Try it - From the data, return each line holding the word "small".

Data to use -
────────

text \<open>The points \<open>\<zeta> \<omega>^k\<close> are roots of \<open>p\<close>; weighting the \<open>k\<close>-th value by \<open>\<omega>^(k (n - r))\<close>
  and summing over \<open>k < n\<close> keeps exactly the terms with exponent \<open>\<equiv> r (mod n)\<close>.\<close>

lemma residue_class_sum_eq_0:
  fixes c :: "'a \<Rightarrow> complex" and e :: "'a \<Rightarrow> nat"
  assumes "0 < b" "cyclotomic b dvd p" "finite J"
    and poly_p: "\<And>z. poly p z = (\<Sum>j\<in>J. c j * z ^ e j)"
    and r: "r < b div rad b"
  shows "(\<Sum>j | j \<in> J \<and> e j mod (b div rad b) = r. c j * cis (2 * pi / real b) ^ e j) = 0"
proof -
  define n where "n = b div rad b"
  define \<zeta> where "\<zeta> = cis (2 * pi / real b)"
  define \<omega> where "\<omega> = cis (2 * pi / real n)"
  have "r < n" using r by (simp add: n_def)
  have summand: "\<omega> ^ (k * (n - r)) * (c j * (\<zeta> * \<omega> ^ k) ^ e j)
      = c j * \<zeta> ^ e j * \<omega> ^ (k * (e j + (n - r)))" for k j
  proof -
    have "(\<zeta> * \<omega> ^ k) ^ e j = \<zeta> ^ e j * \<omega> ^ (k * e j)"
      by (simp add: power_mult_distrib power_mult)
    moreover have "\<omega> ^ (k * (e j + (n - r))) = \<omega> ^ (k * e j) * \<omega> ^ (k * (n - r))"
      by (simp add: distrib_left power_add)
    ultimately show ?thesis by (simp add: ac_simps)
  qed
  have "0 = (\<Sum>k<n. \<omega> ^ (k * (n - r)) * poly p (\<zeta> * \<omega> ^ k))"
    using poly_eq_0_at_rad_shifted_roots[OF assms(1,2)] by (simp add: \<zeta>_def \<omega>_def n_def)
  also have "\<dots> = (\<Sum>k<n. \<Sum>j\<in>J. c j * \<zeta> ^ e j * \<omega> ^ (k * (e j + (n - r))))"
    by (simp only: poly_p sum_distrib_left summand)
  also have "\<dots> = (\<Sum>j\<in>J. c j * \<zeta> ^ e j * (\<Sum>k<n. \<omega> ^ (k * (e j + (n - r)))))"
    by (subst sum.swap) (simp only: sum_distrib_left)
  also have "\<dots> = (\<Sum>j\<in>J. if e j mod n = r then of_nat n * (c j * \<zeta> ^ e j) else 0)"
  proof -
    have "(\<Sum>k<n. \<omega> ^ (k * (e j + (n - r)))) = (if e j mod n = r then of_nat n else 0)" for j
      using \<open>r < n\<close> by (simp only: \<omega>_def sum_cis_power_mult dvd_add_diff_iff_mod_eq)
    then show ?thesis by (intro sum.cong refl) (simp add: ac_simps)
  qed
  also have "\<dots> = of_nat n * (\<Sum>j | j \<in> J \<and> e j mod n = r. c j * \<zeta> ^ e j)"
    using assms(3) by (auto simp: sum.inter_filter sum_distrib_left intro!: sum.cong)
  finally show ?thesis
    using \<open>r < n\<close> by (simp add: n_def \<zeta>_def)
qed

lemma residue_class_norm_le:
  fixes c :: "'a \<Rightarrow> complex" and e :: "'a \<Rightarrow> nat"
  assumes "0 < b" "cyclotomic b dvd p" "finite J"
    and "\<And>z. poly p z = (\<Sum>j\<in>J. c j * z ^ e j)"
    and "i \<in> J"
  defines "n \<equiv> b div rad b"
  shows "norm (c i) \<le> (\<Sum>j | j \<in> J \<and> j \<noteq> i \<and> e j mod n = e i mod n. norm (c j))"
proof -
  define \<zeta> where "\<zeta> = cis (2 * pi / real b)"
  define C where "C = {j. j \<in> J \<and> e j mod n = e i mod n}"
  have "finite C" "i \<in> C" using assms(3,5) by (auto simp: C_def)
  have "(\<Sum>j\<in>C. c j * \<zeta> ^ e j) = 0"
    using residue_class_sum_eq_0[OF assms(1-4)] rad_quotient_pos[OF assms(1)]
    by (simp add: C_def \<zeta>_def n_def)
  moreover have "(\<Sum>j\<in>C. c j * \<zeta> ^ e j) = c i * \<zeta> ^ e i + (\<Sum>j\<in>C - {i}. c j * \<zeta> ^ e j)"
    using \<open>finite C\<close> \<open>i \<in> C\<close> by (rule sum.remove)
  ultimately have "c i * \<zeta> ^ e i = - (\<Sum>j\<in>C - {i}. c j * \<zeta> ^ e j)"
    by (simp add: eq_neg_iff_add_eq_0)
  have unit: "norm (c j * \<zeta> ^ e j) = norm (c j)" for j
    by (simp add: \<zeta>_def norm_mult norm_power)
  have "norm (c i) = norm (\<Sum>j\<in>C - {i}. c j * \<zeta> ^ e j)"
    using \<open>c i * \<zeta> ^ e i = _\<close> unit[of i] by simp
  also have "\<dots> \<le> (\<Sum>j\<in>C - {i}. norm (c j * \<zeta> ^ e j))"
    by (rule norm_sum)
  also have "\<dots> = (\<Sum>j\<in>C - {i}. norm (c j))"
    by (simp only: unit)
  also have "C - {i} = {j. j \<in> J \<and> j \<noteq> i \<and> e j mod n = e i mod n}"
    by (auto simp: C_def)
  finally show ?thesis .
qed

────────

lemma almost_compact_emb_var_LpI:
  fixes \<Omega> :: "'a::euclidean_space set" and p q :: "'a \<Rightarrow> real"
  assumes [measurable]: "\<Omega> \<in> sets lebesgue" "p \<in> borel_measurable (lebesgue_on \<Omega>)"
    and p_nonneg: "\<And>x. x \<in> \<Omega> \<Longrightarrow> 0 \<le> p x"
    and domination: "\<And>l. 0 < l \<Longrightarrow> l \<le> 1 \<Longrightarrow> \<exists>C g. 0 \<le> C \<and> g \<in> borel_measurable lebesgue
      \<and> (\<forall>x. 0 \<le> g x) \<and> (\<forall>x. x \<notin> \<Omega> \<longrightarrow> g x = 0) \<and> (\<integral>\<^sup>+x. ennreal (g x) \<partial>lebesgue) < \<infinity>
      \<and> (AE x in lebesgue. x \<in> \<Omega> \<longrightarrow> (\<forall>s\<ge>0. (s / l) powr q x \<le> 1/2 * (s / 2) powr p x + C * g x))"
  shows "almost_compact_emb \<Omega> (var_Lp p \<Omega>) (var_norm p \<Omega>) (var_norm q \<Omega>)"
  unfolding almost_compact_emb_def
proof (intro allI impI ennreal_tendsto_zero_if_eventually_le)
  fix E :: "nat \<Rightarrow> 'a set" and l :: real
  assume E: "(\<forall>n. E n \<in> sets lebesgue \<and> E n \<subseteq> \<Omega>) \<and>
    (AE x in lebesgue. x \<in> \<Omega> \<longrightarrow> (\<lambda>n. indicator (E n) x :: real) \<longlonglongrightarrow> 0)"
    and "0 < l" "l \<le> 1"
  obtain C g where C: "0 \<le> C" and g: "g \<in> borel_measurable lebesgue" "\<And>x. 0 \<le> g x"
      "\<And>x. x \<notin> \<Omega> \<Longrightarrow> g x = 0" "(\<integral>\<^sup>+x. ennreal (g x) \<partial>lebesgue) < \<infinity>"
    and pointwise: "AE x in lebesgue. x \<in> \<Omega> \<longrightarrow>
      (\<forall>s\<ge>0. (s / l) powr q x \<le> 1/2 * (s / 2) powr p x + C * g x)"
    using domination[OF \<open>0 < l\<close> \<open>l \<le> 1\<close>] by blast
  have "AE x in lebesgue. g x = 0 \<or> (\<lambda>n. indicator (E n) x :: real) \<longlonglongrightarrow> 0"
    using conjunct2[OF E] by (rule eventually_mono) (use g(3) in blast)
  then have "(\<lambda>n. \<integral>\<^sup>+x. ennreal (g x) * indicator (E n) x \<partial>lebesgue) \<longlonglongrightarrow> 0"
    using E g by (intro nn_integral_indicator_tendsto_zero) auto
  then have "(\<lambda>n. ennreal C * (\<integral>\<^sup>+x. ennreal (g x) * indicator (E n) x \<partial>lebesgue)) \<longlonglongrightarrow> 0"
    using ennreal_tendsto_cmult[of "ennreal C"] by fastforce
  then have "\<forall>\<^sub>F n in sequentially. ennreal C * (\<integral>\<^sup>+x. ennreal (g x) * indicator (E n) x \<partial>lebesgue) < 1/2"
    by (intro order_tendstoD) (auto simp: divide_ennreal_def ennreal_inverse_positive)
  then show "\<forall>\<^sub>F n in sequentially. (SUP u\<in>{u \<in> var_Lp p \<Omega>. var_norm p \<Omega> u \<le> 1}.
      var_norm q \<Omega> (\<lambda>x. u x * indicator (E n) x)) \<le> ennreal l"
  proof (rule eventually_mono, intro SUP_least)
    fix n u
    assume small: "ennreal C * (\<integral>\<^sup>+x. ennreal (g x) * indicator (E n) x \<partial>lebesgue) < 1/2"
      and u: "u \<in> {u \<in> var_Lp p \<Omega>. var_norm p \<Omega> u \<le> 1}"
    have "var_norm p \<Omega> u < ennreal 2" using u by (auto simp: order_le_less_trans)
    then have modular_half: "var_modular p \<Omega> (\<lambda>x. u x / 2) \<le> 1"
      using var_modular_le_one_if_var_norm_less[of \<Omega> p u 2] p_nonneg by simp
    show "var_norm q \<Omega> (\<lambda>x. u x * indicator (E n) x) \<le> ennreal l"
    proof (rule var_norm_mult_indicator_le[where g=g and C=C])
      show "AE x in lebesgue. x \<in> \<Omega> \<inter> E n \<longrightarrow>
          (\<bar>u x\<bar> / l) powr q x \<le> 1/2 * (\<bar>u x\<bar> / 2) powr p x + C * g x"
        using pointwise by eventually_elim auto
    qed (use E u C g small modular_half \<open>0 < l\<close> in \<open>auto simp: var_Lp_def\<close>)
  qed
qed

────────

The answer -
    assume small: "ennreal C * (\<integral>\<^sup>+x. ennreal (g x) * indicator (E n) x \<partial>lebesgue) < 1/2"
    qed (use E u C g small modular_half \<open>0 < l\<close> in \<open>auto simp: var_Lp_def\<close>)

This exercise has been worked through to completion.